Bathsheba is saving up for the down payment on a farm. She invests $30000 at 5.2% interest, compounded quarterly, for 4 years. To the nearest tenth of a percent, Bathsheba's rate of return will be ____%.

P = Po(1+r)n

r = (5.2%/4)/100% = 0.013 = Quarterly %
rate expressed as a decimal.

n = 4comp/yr * 4yrs = 16 Compounding
periods.

P = 30,000(1.013)^16 = $36,886.92

((36886.92-30000)/30000) * 100% = 23%
Return rate.

Thank you!

To calculate Bathsheba's rate of return, we can use the formula for compound interest:

A = P(1 + r/n)^(nt)

where:
A = the final amount (including principal and interest)
P = the principal amount (the initial investment)
r = interest rate (in decimal form)
n = number of times the interest is compounded per year
t = number of years

In this case, Bathsheba invests $30,000 at an interest rate of 5.2% (or 0.052 as a decimal), compounded quarterly (so n = 4), for 4 years.

Plugging these values into the formula, we have:

A = 30000(1 + 0.052/4)^(4*4)
A ≈ 30000(1 + 0.013)^16
A ≈ 30000(1.013)^16

Using a calculator, we can evaluate (1.013)^16 ≈ 1.21905.

A ≈ 30000 * 1.21905
A ≈ 36571.5

The final amount, including principal and interest, is approximately $36,571.50.

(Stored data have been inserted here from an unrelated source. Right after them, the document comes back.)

(* Let $\mathcal{A}=(\Sigma,Q,I,F,\delta)$ be an NFA and let $\mathcal{A}_{\mathrm{SS}}$ be the DFA output by the subset construction with $\mathcal{A}$ as input. Then $|\mathcal{A}_{\mathrm{SS}}|\le\|\mathcal{A}\|$, where $$\|\mathcal{A}\|=\min_{\mathcal{J}\subseteq\Sigma}\left(1+\sum_{w\in\Sigma\setminus\mathcal{J}}\left|\mathcal{R}(T^{(w)})\right|\right)\left|\mathcal{M}(\mathcal{J})\right|.$$
   Context: An NFA is $\mathcal{A}=(\Sigma,Q,I,F,\delta)$ with finite alphabet $\Sigma$, finite state set $Q=\{q_1,\dots,q_n\}$, initial states $I$, accepting states $F$, transitions $\delta\subseteq Q\times\Sigma\times Q$ ($\varepsilon$-free). The Boolean semifield is $\mathbb{B}=(\{0,1\},\vee,\wedge,0,1)$. For $w\in\Sigma$ the transition matrix $T^{(w)}\in\mathbb{B}^{n\times n}$ has $T^{(w)}_{i,j}=1$ iff $(q_i,w,q_j)\in\delta$. The range $\mathcal{R}(T)$ of a Boolean matrix $T$ is $\{Tv:v\in\mathbb{B}^n\}$. For $\mathcal{J}\subseteq\Sigma$, $\mathcal{M}(\mathcal{J})$ is the monoid of $n\times n$ Boolean matrices generated by $\{T^{(w)}:w\in\mathcal{J}\}$ under Boolean matrix multiplication, containing the identity matrix. The subset construction produces the DFA $\mathcal{A}_{\mathrm{SS}}$ whose states are exactly the subsets $\mathcal{Q}\subseteq Q$ reachable from $\mathcal{Q}_I=I$ by repeatedly applying, for $w\in\Sigma$, the map $\mathcal{Q}\mapsto\{q':(q,w,q')\in\delta,\ q\in\mathcal{Q}\}$ (including the empty set if reachable); $|\mathcal{A}_{\mathrm{SS}}|$ is its number of states. *)

theory Defs
  imports Main
begin

text \<open>NFA over a finite alphabet (the finite type 'a, i.e. Sigma = UNIV) with
  finite state set (the finite type 'q, i.e. Q = UNIV).\<close>

type_synonym 'q bmat = "'q \<Rightarrow> 'q \<Rightarrow> bool"
type_synonym 'q bvec = "'q \<Rightarrow> bool"

definition bmat_mult :: "'q bmat \<Rightarrow> 'q bmat \<Rightarrow> 'q bmat" where
  "bmat_mult A B = (\<lambda>i j. \<exists>k. A i k \<and> B k j)"

definition bmat_id :: "'q bmat" where
  "bmat_id = (\<lambda>i j. i = j)"

definition bmat_vec :: "'q bmat \<Rightarrow> 'q bvec \<Rightarrow> 'q bvec" where
  "bmat_vec T v = (\<lambda>i. \<exists>j. T i j \<and> v j)"

definition trans_mat :: "('q \<times> 'a \<times> 'q) set \<Rightarrow> 'a \<Rightarrow> 'q bmat" where
  "trans_mat \<delta> w = (\<lambda>i j. (i, w, j) \<in> \<delta>)"

definition bmat_range :: "'q bmat \<Rightarrow> 'q bvec set" where
  "bmat_range T = {bmat_vec T v | v. True}"

inductive_set gen_monoid :: "('q \<times> 'a \<times> 'q) set \<Rightarrow> 'a set \<Rightarrow> 'q bmat set"
  for \<delta> :: "('q \<times> 'a \<times> 'q) set" and J :: "'a set" where
  gm_id: "bmat_id \<in> gen_monoid \<delta> J"
| gm_gen: "w \<in> J \<Longrightarrow> trans_mat \<delta> w \<in> gen_monoid \<delta> J"
| gm_mult: "A \<in> gen_monoid \<delta> J \<Longrightarrow> B \<in> gen_monoid \<delta> J \<Longrightarrow> bmat_mult A B \<in> gen_monoid \<delta> J"

definition ss_step :: "('q \<times> 'a \<times> 'q) set \<Rightarrow> 'q set \<Rightarrow> 'a \<Rightarrow> 'q set" where
  "ss_step \<delta> S w = {q'. \<exists>q\<in>S. (q, w, q') \<in> \<delta>}"

inductive_set ss_states :: "('q \<times> 'a \<times> 'q) set \<Rightarrow> 'q set \<Rightarrow> 'q set set"
  for \<delta> :: "('q \<times> 'a \<times> 'q) set" and I :: "'q set" where
  ss_init: "I \<in> ss_states \<delta> I"
| ss_next: "S \<in> ss_states \<delta> I \<Longrightarrow> ss_step \<delta> S w \<in> ss_states \<delta> I"

definition nfa_norm :: "('q::finite \<times> 'a::finite \<times> 'q) set \<Rightarrow> nat" where
  "nfa_norm \<delta> = Min ((\<lambda>J. (1 + (\<Sum>w\<in>UNIV - J. card (bmat_range (trans_mat \<delta> w))))
                          * card (gen_monoid \<delta> J)) ` Pow (UNIV :: 'a set))"

end

theory Submission
  imports Defs
begin

text \<open>A reachable subset is the row vector \<open>I T(w1) \<dots> T(wk)\<close>.  Cutting the word after
  its last letter \<open>w \<notin> J\<close> writes it as \<open>r M\<close> with \<open>M \<in> \<M>(J)\<close> and \<open>r\<close> either \<open>I\<close> or a
  vector in the row space of \<open>T(w)\<close>.  The row space of a Boolean matrix is no larger than
  its range \<open>\<R>(T)\<close>: a union of rows is the union of all rows it contains, so it is
  recovered from \<open>T v\<close> where \<open>v\<close> is the indicator of its complement.\<close>

definition bmat_img :: "'q set \<Rightarrow> 'q bmat \<Rightarrow> 'q set" where
  "bmat_img S M = {q'. \<exists>q\<in>S. M q q'}"

definition bmat_row_space :: "'q bmat \<Rightarrow> 'q set set" where
  "bmat_row_space T = range (\<lambda>S. bmat_img S T)"

lemma bmat_img_id [simp]: "bmat_img S bmat_id = S"
  by (auto simp: bmat_img_def bmat_id_def)

lemma bmat_img_mult: "bmat_img S (bmat_mult A B) = bmat_img (bmat_img S A) B"
  by (auto simp: bmat_img_def bmat_mult_def)

lemma ss_step_eq_bmat_img: "ss_step \<delta> S w = bmat_img S (trans_mat \<delta> w)"
  by (auto simp: bmat_img_def ss_step_def trans_mat_def)

lemma bmat_row_space_eq_union_of_rows:
  assumes "r \<in> bmat_row_space T"
  shows "r = bmat_img {i. \<forall>j. T i j \<longrightarrow> j \<in> r} T"
  using assms by (auto simp: bmat_row_space_def bmat_img_def)

lemma inj_on_bmat_row_space:
  "inj_on (\<lambda>r. bmat_vec T (\<lambda>j. j \<notin> r)) (bmat_row_space T)"
proof (rule inj_onI)
  fix r s
  assume r: "r \<in> bmat_row_space T" and s: "s \<in> bmat_row_space T"
    and eq: "bmat_vec T (\<lambda>j. j \<notin> r) = bmat_vec T (\<lambda>j. j \<notin> s)"
  have rows: "{i. \<forall>j. T i j \<longrightarrow> j \<in> x} = {i. \<not> bmat_vec T (\<lambda>j. j \<notin> x) i}" for x
    by (auto simp: bmat_vec_def)
  have "r = bmat_img {i. \<not> bmat_vec T (\<lambda>j. j \<notin> r) i} T"
    using bmat_row_space_eq_union_of_rows[OF r] by (simp only: rows)
  also have "\<dots> = bmat_img {i. \<not> bmat_vec T (\<lambda>j. j \<notin> s) i} T"
    by (simp only: eq)
  also have "\<dots> = s"
    using bmat_row_space_eq_union_of_rows[OF s] by (simp only: rows)
  finally show "r = s" .
qed

lemma card_bmat_row_space_le:
  fixes T :: "'q::finite bmat"
  shows "card (bmat_row_space T) \<le> card (bmat_range T)"
proof -
  have "(\<lambda>r. bmat_vec T (\<lambda>j. j \<notin> r)) ` bmat_row_space T \<subseteq> bmat_range T"
    by (auto simp: bmat_range_def)
  then show ?thesis
    by (rule card_inj_on_le[OF inj_on_bmat_row_space]) simp
qed

lemma ss_states_factor:
  assumes "S \<in> ss_states \<delta> I"
  shows "\<exists>r \<in> insert I (\<Union>w\<in>UNIV - J. bmat_row_space (trans_mat \<delta> w)).
           \<exists>M \<in> gen_monoid \<delta> J. S = bmat_img r M"
  using assms
proof (induction rule: ss_states.induct)
  case ss_init
  show ?case
    using gen_monoid.gm_id[of \<delta> J] by (intro bexI[of _ I] bexI[of _ bmat_id]) simp_all
next
  case (ss_next S w)
  show ?case
  proof (cases "w \<in> J")
    case True
    from ss_next.IH obtain r M
      where r: "r \<in> insert I (\<Union>w\<in>UNIV - J. bmat_row_space (trans_mat \<delta> w))"
        and M: "M \<in> gen_monoid \<delta> J" and S: "S = bmat_img r M"
      by blast
    have "bmat_mult M (trans_mat \<delta> w) \<in> gen_monoid \<delta> J"
      using M True by (intro gen_monoid.gm_mult gen_monoid.gm_gen)
    moreover have "ss_step \<delta> S w = bmat_img r (bmat_mult M (trans_mat \<delta> w))"
      by (simp add: S bmat_img_mult ss_step_eq_bmat_img)
    ultimately show ?thesis
      using r by blast
  next
    case False
    then have "ss_step \<delta> S w \<in> (\<Union>w\<in>UNIV - J. bmat_row_space (trans_mat \<delta> w))"
      by (auto simp: ss_step_eq_bmat_img bmat_row_space_def)
    then show ?thesis
      using gen_monoid.gm_id[of \<delta> J] by (intro bexI[of _ "ss_step \<delta> S w"] bexI[of _ bmat_id]) simp_all
  qed
qed

lemma card_ss_states_le:
  fixes \<delta> :: "('q::finite \<times> 'a::finite \<times> 'q) set"
  shows "card (ss_states \<delta> I)
    \<le> (1 + (\<Sum>w\<in>UNIV - J. card (bmat_range (trans_mat \<delta> w)))) * card (gen_monoid \<delta> J)"
proof -
  let ?R = "insert I (\<Union>w\<in>UNIV - J. bmat_row_space (trans_mat \<delta> w))"
  let ?G = "gen_monoid \<delta> J"
  have "ss_states \<delta> I \<subseteq> (\<lambda>(r, M). bmat_img r M) ` (?R \<times> ?G)"
    using ss_states_factor by fast
  then have "card (ss_states \<delta> I) \<le> card (?R \<times> ?G)"
    by (metis surj_card_le finite)
  also have "\<dots> = card ?R * card ?G"
    by (rule card_cartesian_product)
  also have "card ?R \<le> 1 + (\<Sum>w\<in>UNIV - J. card (bmat_row_space (trans_mat \<delta> w)))"
  proof -
    have "card ?R \<le> Suc (card (\<Union>w\<in>UNIV - J. bmat_row_space (trans_mat \<delta> w)))"
      by (simp add: card_insert_if)
    also have "card (\<Union>w\<in>UNIV - J. bmat_row_space (trans_mat \<delta> w))
        \<le> (\<Sum>w\<in>UNIV - J. card (bmat_row_space (trans_mat \<delta> w)))"
      by (rule card_UN_le) simp
    finally show ?thesis by simp
  qed
  also have "\<dots> \<le> 1 + (\<Sum>w\<in>UNIV - J. card (bmat_range (trans_mat \<delta> w)))"
    by (simp add: card_bmat_row_space_le sum_mono)
  finally show ?thesis
    by (simp add: mult_right_mono)
qed

theorem theorem3:
  fixes \<delta> :: "('q::finite \<times> 'a::finite \<times> 'q) set" and I F :: "'q set"
  shows "card (ss_states \<delta> I) \<le> nfa_norm \<delta>"
proof -
  let ?bound = "\<lambda>J. (1 + (\<Sum>w\<in>UNIV - J. card (bmat_range (trans_mat \<delta> w)))) * card (gen_monoid \<delta> J)"
  have "nfa_norm \<delta> \<in> ?bound ` Pow UNIV"
    unfolding nfa_norm_def by (rule Min_in) auto
  then show ?thesis
    using card_ss_states_le by auto
qed

end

To calculate Bathsheba's rate of return (or rate of interest), we need to find the difference between the final amount and the initial investment, divided by the initial investment:

Rate of return = (A - P) / P * 100%
Rate of return ≈ (36571.5 - 30000) / 30000 * 100%
Rate of return ≈ 0.21905 * 100%
Rate of return ≈ 21.9%

Therefore, Bathsheba's rate of return to the nearest tenth of a percent is approximately 21.9%.